Think of a woman in
the 1950s and chances are you’ve conjured up a mental image that combines Betty
Draper and a wasp-waisted woman in a pinny and a headscarf. There’s a daft
belief that all women in the 1950s ever did was wave their husbands off to
work, bake cakes and clean the house, and then make sure the kids were out of
the way when hubby got home again.
Well, Rachel Cooke’s
excellent new book Her Brilliant Career is here to stick two fingers up to that
idea.

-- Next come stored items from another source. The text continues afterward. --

lemma rtranclp_distinct_path:
  "R\<^sup>*\<^sup>* a b \<Longrightarrow> \<exists>ps. ps \<noteq> [] \<and> hd ps = a \<and> last ps = b \<and> distinct ps \<and>
     (\<forall>i. Suc i < length ps \<longrightarrow> R (ps ! i) (ps ! Suc i))"
proof (induction rule: rtranclp_induct)
  case base
  show ?case by (intro exI[of _ "[a]"]) auto
next
  case (step b c)
  then obtain ps where ps: "ps \<noteq> []" "hd ps = a" "last ps = b" "distinct ps"
    "\<forall>i. Suc i < length ps \<longrightarrow> R (ps ! i) (ps ! Suc i)" by blast
  show ?case
  proof (cases "c \<in> set ps")
    case False
    have "\<forall>i. Suc i < length (ps @ [c]) \<longrightarrow> R ((ps @ [c]) ! i) ((ps @ [c]) ! Suc i)"
    proof (intro allI impI)
      fix i assume i: "Suc i < length (ps @ [c])"
      show "R ((ps @ [c]) ! i) ((ps @ [c]) ! Suc i)"
      proof (cases "Suc i < length ps")
        case True
        then show ?thesis using ps(5) by (simp add: nth_append)
      next
        case False
        then have "Suc i = length ps" using i by simp
        then have "i = length ps - 1" by simp
        then have "(ps @ [c]) ! i = last ps" "(ps @ [c]) ! Suc i = c"
          using ps(1) \<open>Suc i = length ps\<close> by (auto simp: nth_append last_conv_nth)
        then show ?thesis using ps(3) step(2) by simp
      qed
    qed
    then show ?thesis using ps False by (intro exI[of _ "ps @ [c]"]) auto
  next
    case True
    then obtain j where j: "j < length ps" "ps ! j = c" by (auto simp: in_set_conv_nth)
    let ?qs = "take (Suc j) ps"
    have "?qs \<noteq> []" "hd ?qs = a" "distinct ?qs" using ps(1,2,4) by (simp_all add: hd_take)
    moreover have "last ?qs = c" using j by (simp add: take_Suc_conv_app_nth)
    moreover have "\<forall>i. Suc i < length ?qs \<longrightarrow> R (?qs ! i) (?qs ! Suc i)" using ps(5) by auto
    ultimately show ?thesis by blast
  qed
qed

lemma rtranclp_restrict_adj_first_step:
  "(restrict_adj J F)\<^sup>*\<^sup>* u a \<Longrightarrow> a \<noteq> u \<Longrightarrow>
   \<exists>y. F u y \<and> y \<in> J \<and> u \<in> J \<and> (restrict_adj (J - {u}) F)\<^sup>*\<^sup>* y a"
proof (induction rule: rtranclp_induct)
  case (step b c)
  show ?case
  proof (cases "b = u")
    case True
    then show ?thesis using step by (auto simp: restrict_adj_def)
  next
    case False
    then obtain y where y: "F u y" "y \<in> J" "u \<in> J" "(restrict_adj (J - {u}) F)\<^sup>*\<^sup>* y b"
      using step by blast
    have "restrict_adj (J - {u}) F b c" using step(2) False step(4) by (auto simp: restrict_adj_def)
    then show ?thesis using y by (meson rtranclp.rtrancl_into_rtrancl)
  qed
qed simp

lemma is_cycle_Cons:
  assumes "u \<in> I" "set ps \<subseteq> I - {u}" "distinct ps" "length ps \<ge> 2"
    and path: "\<forall>i. Suc i < length ps \<longrightarrow> F (ps ! i) (ps ! Suc i)"
    and ends: "F u (hd ps)" "F (last ps) u"
  shows "is_cycle I F (u # ps)"
  unfolding is_cycle_def
proof (intro conjI allI impI)
  fix i assume i: "Suc i < length (u # ps)"
  show "F ((u # ps) ! i) ((u # ps) ! Suc i)"
  proof (cases i)
    case 0
    then show ?thesis using ends(1) assms(4) by (cases ps) auto
  next
    case (Suc i')
    then show ?thesis using path i by simp
  qed
next
  show "F (last (u # ps)) (hd (u # ps))" using ends(2) assms(4) by auto
qed (use assms in auto)

lemma tree_neighbours_disconnected:
  assumes tree: "is_tree I F" and "F u y1" "F u y2" "y1 \<noteq> y2"
  shows "\<not> (restrict_adj (I - {u}) F)\<^sup>*\<^sup>* y1 y2"
proof
  assume path: "(restrict_adj (I - {u}) F)\<^sup>*\<^sup>* y1 y2"
  obtain ps where ps: "ps \<noteq> []" "hd ps = y1" "last ps = y2" "distinct ps"
    and steps: "\<forall>i. Suc i < length ps \<longrightarrow> restrict_adj (I - {u}) F (ps ! i) (ps ! Suc i)"
    using rtranclp_distinct_path[OF path] by blast
  have sg: "simple_graph I F" using tree by (simp add: is_tree_def)
  then have u: "u \<in> I" and sym: "\<forall>x y. F x y \<longrightarrow> F y x" and irr: "\<forall>x. \<not> F x x"
    using assms(2) by (auto simp: simple_graph_def)
  have y2: "y2 \<in> I - {u}" using assms(3) sg irr by (auto simp: simple_graph_def)
  have "set ps \<subseteq> I - {u}"
  proof
    fix v assume "v \<in> set ps"
    then obtain i where i: "i < length ps" "ps ! i = v" by (auto simp: in_set_conv_nth)
    show "v \<in> I - {u}"
    proof (cases "Suc i < length ps")
      case True
      then show ?thesis using steps i by (auto simp: restrict_adj_def)
    next
      case False
      then have "i = length ps - 1" using i by simp
      then have "v = last ps" using i ps(1) by (simp add: last_conv_nth)
      then show ?thesis using ps(3) y2 by simp
    qed
  qed
  moreover have "length ps \<ge> 2"
  proof (rule ccontr)
    assume "\<not> length ps \<ge> 2"
    then have "length ps = 1" using ps(1) by (simp add: not_le less_2_cases_iff)
    then have "hd ps = last ps" by (cases ps) auto
    then show False using ps(2,3) assms(4) by simp
  qed
  moreover have "\<forall>i. Suc i < length ps \<longrightarrow> F (ps ! i) (ps ! Suc i)"
    using steps by (simp add: restrict_adj_def)
  ultimately have "is_cycle I F (u # ps)"
    using is_cycle_Cons[OF u _ ps(4)] ps(2,3) assms(2,3) sym by blast
  then show False using tree by (auto simp: is_tree_def)
qed

lemma tree_unique_neighbour_towards:
  assumes tree: "is_tree I F" and "u \<in> I" "a \<in> I" "a \<noteq> u"
  shows "\<exists>y. F u y \<and> y \<in> component_of (I - {u}) F a
    \<and> (\<forall>y'. F u y' \<and> y' \<in> component_of (I - {u}) F a \<longrightarrow> y' = y)"
proof -
  have sg: "simple_graph I F" and "connected_on I F" using tree by (auto simp: is_tree_def)
  then have sym: "\<forall>x y. F x y \<longrightarrow> F y x" and path: "(restrict_adj I F)\<^sup>*\<^sup>* u a"
    using assms(2,3) by (auto simp: simple_graph_def connected_on_def)
  obtain y where y: "F u y" "y \<in> I" "(restrict_adj (I - {u}) F)\<^sup>*\<^sup>* y a"
    using rtranclp_restrict_adj_first_step[OF path assms(4)] by blast
  have "y \<noteq> u" using y(1) sg by (auto simp: simple_graph_def)
  then have yK: "y \<in> component_of (I - {u}) F a"
    using y rtranclp_restrict_adj_sym[OF sym] by (auto simp: component_of_def)
  have unique: "y' = y" if "F u y'" "y' \<in> component_of (I - {u}) F a" for y'
  proof (rule ccontr)
    assume "y' \<noteq> y"
    have "(restrict_adj (I - {u}) F)\<^sup>*\<^sup>* a y'" using that(2) by (simp add: component_of_def)
    with y(3) have "(restrict_adj (I - {u}) F)\<^sup>*\<^sup>* y y'" by (rule rtranclp_trans)
    then show False using tree_neighbours_disconnected[OF tree y(1) that(1)] \<open>y' \<noteq> y\<close> by blast
  qed
  with y(1) yK show ?thesis by blast
qed

lemma tree_component_shrinks:
  assumes tree: "is_tree I F" and "a \<in> I" "a \<noteq> u" "a \<noteq> y"
    and y: "F u y" "y \<in> component_of (I - {u}) F a"
    and unique: "\<And>y'. F u y' \<Longrightarrow> y' \<in> component_of (I - {u}) F a \<Longrightarrow> y' = y"
  shows "component_of (I - {y}) F a \<subset> component_of (I - {u}) F a"
proof -
  have sym: "\<forall>x y. F x y \<longrightarrow> F y x" using tree by (simp add: is_tree_def simple_graph_def)
  have u_outside: "u \<notin> component_of (I - {y}) F a"
  proof
    assume "u \<in> component_of (I - {y}) F a"
    then have path: "(restrict_adj (I - {y}) F)\<^sup>*\<^sup>* u a"
      using rtranclp_restrict_adj_sym[OF sym] by (auto simp: component_of_def)
    obtain y' where y': "F u y'" "y' \<in> I - {y}" "(restrict_adj (I - {y} - {u}) F)\<^sup>*\<^sup>* y' a"
      using rtranclp_restrict_adj_first_step[OF path assms(3)] by blast
    have "(restrict_adj (I - {u}) F)\<^sup>*\<^sup>* y' a"
      using rtranclp_restrict_adj_mono[OF _ y'(3), of "I - {u}"] by blast
    then have "(restrict_adj (I - {u}) F)\<^sup>*\<^sup>* a y'" by (rule rtranclp_restrict_adj_sym[OF sym])
    moreover have "y' \<noteq> u" using y'(1) tree by (auto simp: is_tree_def simple_graph_def)
    ultimately have "y' \<in> component_of (I - {u}) F a" using y'(2) by (simp add: component_of_def)
    then show False using unique y' by blast
  qed
  have "component_of (I - {y}) F a \<subseteq> component_of (I - {u}) F a - {y}"
  proof
    fix b assume b: "b \<in> component_of (I - {y}) F a"
    have "(restrict_adj (component_of (I - {y}) F a) F)\<^sup>*\<^sup>* a b"
      using rtranclp_within_component_of[of a "I - {y}"] b assms(2,4) by (auto simp: component_of_def)
    moreover have "component_of (I - {y}) F a \<subseteq> I - {u}"
      using u_outside component_of_subset[of "I - {y}" F a] by blast
    ultimately have "(restrict_adj (I - {u}) F)\<^sup>*\<^sup>* a b" by (rule rtranclp_restrict_adj_mono[rotated])
    then show "b \<in> component_of (I - {u}) F a - {y}" using b u_outside by (auto simp: component_of_def)
  qed
  with y(2) show ?thesis by blast
qed

lemma capped_distance:
  fixes R :: "'a \<Rightarrow> 'a \<Rightarrow> bool" and x :: 'a and m :: nat
  defines "f \<equiv> \<lambda>v. LEAST n. n = m \<or> (R ^^ n) x v"
  shows capped_distance_le: "f v \<le> m"
    and capped_distance_step: "R a b \<Longrightarrow> f b \<le> Suc (f a)"
    and capped_distance_start: "f x = 0"
    and capped_distance_target: "(R ^^ m) x z \<Longrightarrow> (\<And>n. (R ^^ n) x z \<Longrightarrow> m \<le> n) \<Longrightarrow> f z = m"
proof -
  show le: "f v \<le> m" for v unfolding f_def by (rule Least_le) simp
  have reach: "f v = m \<or> (R ^^ f v) x v" for v
    unfolding f_def by (rule LeastI[of _ m]) simp
  show "f b \<le> Suc (f a)" if "R a b"
  proof (cases "f a = m")
    case True
    then show ?thesis using le[of b] by simp
  next
    case False
    then have "(R ^^ f a) x a" using reach[of a] by simp
    then have "(R ^^ Suc (f a)) x b" using that by (rule relpowp_Suc_I)
    then have "Suc (f a) = m \<or> (R ^^ Suc (f a)) x b" by (rule disjI2)
    then show ?thesis unfolding f_def by (rule Least_le)
  qed
  show "f x = 0" unfolding f_def by (rule Least_eq_0) simp
  show "f z = m" if "(R ^^ m) x z" "\<And>n. (R ^^ n) x z \<Longrightarrow> m \<le> n"
    using reach[of z] le[of z] that(2)[of "f z"] by auto
qed

section \<open>Tree decompositions\<close>

locale tree_decomp =
  fixes V :: "'a set" and E :: "'a \<Rightarrow> 'a \<Rightarrow> bool"
    and I :: "'b set" and F :: "'b \<Rightarrow> 'b \<Rightarrow> bool" and W :: "'b \<Rightarrow> 'a set"
  assumes decomposition: "tree_decomposition V E I F W"
begin

lemma tree: "is_tree I F"
  using decomposition by (simp add: tree_decomposition_def)

lemma bag_subset: "x \<in> I \<Longrightarrow> W x \<subseteq> V"
  using decomposition by (simp add: tree_decomposition_def)

lemma vertex_in_bag: "v \<in> V \<Longrightarrow> \<exists>x\<in>I. v \<in> W x"
  using decomposition by (auto simp: tree_decomposition_def)

lemma edge_in_bag: "E u v \<Longrightarrow> \<exists>x\<in>I. u \<in> W x \<and> v \<in> W x"
  using decomposition by (simp add: tree_decomposition_def)

lemma bags_of_vertex_path_avoiding:
  assumes "v \<in> V" "v \<notin> W u" "b1 \<in> I" "b2 \<in> I" "v \<in> W b1" "v \<in> W b2"
  shows "(restrict_adj (I - {u}) F)\<^sup>*\<^sup>* b1 b2"
proof -
  have "(restrict_adj {x\<in>I. v \<in> W x} F)\<^sup>*\<^sup>* b1 b2"
    using decomposition assms by (auto simp: tree_decomposition_def connected_on_def)
  then show ?thesis by (rule rtranclp_restrict_adj_mono[rotated]) (use assms(2) in auto)
qed

definition nbhd :: "'a set \<Rightarrow> 'a set" where
  "nbhd D = {v\<in>V. v \<notin> D \<and> (\<exists>d\<in>D. E d v)}"

lemma bags_of_region_in_component:
  assumes D: "D \<subseteq> V" "connected_on D E" "D \<inter> W u = {}"
    and d0: "d0 \<in> D" "a0 \<in> I" "d0 \<in> W a0"
    and d: "d \<in> D" "b \<in> I" "d \<in> W b"
  shows "b \<in> component_of (I - {u}) F a0"
proof -
  have "(restrict_adj D E)\<^sup>*\<^sup>* d0 d" using D(2) d0(1) d(1) by (auto simp: connected_on_def)
  then show ?thesis
    using d
  proof (induction arbitrary: b rule: rtranclp_induct)
    case base
    then have "(restrict_adj (I - {u}) F)\<^sup>*\<^sup>* a0 b"
      using bags_of_vertex_path_avoiding[of d0 u a0 b] D d0 by blast
    then show ?case using base D(3) d0 by (auto simp: component_of_def)
  next
    case (step d d')
    then have dd: "E d d'" "d \<in> D" "d' \<in> D" by (auto simp: restrict_adj_def)
    obtain b0 where b0: "b0 \<in> I" "d \<in> W b0" "d' \<in> W b0" using edge_in_bag[OF dd(1)] by blast
    have "(restrict_adj (I - {u}) F)\<^sup>*\<^sup>* a0 b0" using step.IH[OF dd(2) b0(1,2)]
      by (simp add: component_of_def)
    moreover have "(restrict_adj (I - {u}) F)\<^sup>*\<^sup>* b0 b"
      using bags_of_vertex_path_avoiding[of d' u b0 b] dd(3) D step.prems b0 by blast
    ultimately have "(restrict_adj (I - {u}) F)\<^sup>*\<^sup>* a0 b" by (rule rtranclp_trans)
    then show ?case using step.prems dd(3) D(3) by (auto simp: component_of_def)
  qed
qed
lemma sum_card_subtrees_root:
  "(\<Sum>S\<in>subtrees_containing V E r. real (card S)) =
     (\<Sum>X\<in>rest_subtrees. real (card X)) * (1 + real (card branch_subtrees))
     + real (card rest_subtrees) * (\<Sum>Y\<in>branch_subtrees. real (card Y))"
proof -
  have fin: "finite branch_subtrees" using finite_subtrees_containing[OF finite_branch] .
  have size: "real (card (X \<union> Y)) = real (card X) + real (card Y)"
    if "X \<in> rest_subtrees" "Y \<in> insert {} branch_subtrees" for X Y
  proof -
    have "X \<subseteq> rest" "Y \<subseteq> branch" using that by (auto simp: subtrees_containing_def)
    then have "finite X" "finite Y" "X \<inter> Y = {}"
      using rest_branch_disjoint finite_rest finite_branch finite_subset by blast+
    then show ?thesis by (simp add: card_Un_disjoint)
  qed
  have "(\<Sum>S\<in>subtrees_containing V E r. real (card S)) =
        (\<Sum>X\<in>rest_subtrees. \<Sum>Y\<in>insert {} branch_subtrees. real (card (X \<union> Y)))"
    unfolding subtrees_root_eq_Un_image sum.reindex[OF inj_on_Un_subtrees]
    by (simp add: sum.cartesian_product case_prod_unfold)
  also have "\<dots> = (\<Sum>X\<in>rest_subtrees. real (card X) * (1 + real (card branch_subtrees))
                    + (\<Sum>Y\<in>branch_subtrees. real (card Y)))"
    using size fin empty_notin_branch_subtrees by (simp add: sum.distrib algebra_simps)
  also have "\<dots> = (\<Sum>X\<in>rest_subtrees. real (card X)) * (1 + real (card branch_subtrees))
                  + real (card rest_subtrees) * (\<Sum>Y\<in>branch_subtrees. real (card Y))"
    by (simp add: sum.distrib sum_distrib_right)
  finally show ?thesis .
qed

lemma leaves_rest: "u \<in> rest \<Longrightarrow> u \<in> leaves V E r \<longleftrightarrow> u \<in> leaves rest (induced_edges E rest) r"
  using degree_rest rest_subset by (auto simp: leaves_def)

lemma leaves_branch:
  "u \<in> branch \<Longrightarrow> u \<noteq> c \<Longrightarrow> u \<in> leaves V E r \<longleftrightarrow> u \<in> leaves branch (induced_edges E branch) c"
  using degree_branch branch_subset by (auto simp: leaves_def)

lemma c_in_leaves_iff: "c \<in> leaves V E r \<longleftrightarrow> degree (induced_edges E branch) c = 0"
  using degree_c c_in_V c_neq_r by (auto simp: leaves_def)

lemma nonleaves_leaf_branch:
  assumes "degree (induced_edges E branch) c = 0"
  shows "V - leaves V E r = rest - leaves rest (induced_edges E rest) r"
proof -
  have "branch = {c}" using tree_degree_0[OF tree_branch c_in_branch assms] .
  then show ?thesis
    using assms leaves_rest c_in_leaves_iff branch_subset by (auto simp: rest_def)
qed

lemma nonleaves_inner_branch:
  assumes "degree (induced_edges E branch) c \<noteq> 0"
  shows "V - leaves V E r =
    (rest - leaves rest (induced_edges E rest) r) \<union> (branch - leaves branch (induced_edges E branch) c)"
proof -
  have "c \<notin> leaves branch (induced_edges E branch) c" by (simp add: leaves_def)
  then show ?thesis
    using assms leaves_rest leaves_branch c_in_leaves_iff branch_subset by (auto simp: rest_def)
qed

In it, Rachel has handpicked ten wonderfully diverse women from the 1950s
and celebrates each of them with a potted biography cataloguing their
achievements in the face of a society that wanted women to be seen and not
heard.
From chef Patience
Gray to architect Alison Smithson, film director Muriel Box and archaeologist
Jacquetta Hawkes… Rachel has collected together some truly inspiring women who,
in many instances, have been sadly forgotten under the weight of their many
male counterparts. But no more!
Her Brilliant Career
is deliciously readable and engrossing, and Rachel guides us through the highs
of these ten women’s achievements… while recognising that, at times, these were
flawed women, or not always likeable women. (In my experience, the most
interesting women are rarely the most well liked ones!)
The book also contains
a selection of photographs illustrating our ten women and the decade that
shaped them, many of which are little known to most people and bring a welcome
extra dimension to these mini biographies. The photo of Iris Murdoch looking
wildly purposeful beside her bed is easily my favourite – conjuring up a much
more impressive figure than the genius author we’ve sadly come to remember as a
fading fragile flower after her husband John’s posthumous biography of her
mental decline.
It’s important that we
remember the women who went before us and celebrate their achievements, which
allow us to do the things we take for granted today. With the announcement in
December 2013 from the Fawcett Society that this year, for the first time in
five years, the pay gap between women and men has further widened, books such
as Her Brilliant Career are a stark reminder of what has been achieved, but
also how far we still have to go to achieve equality.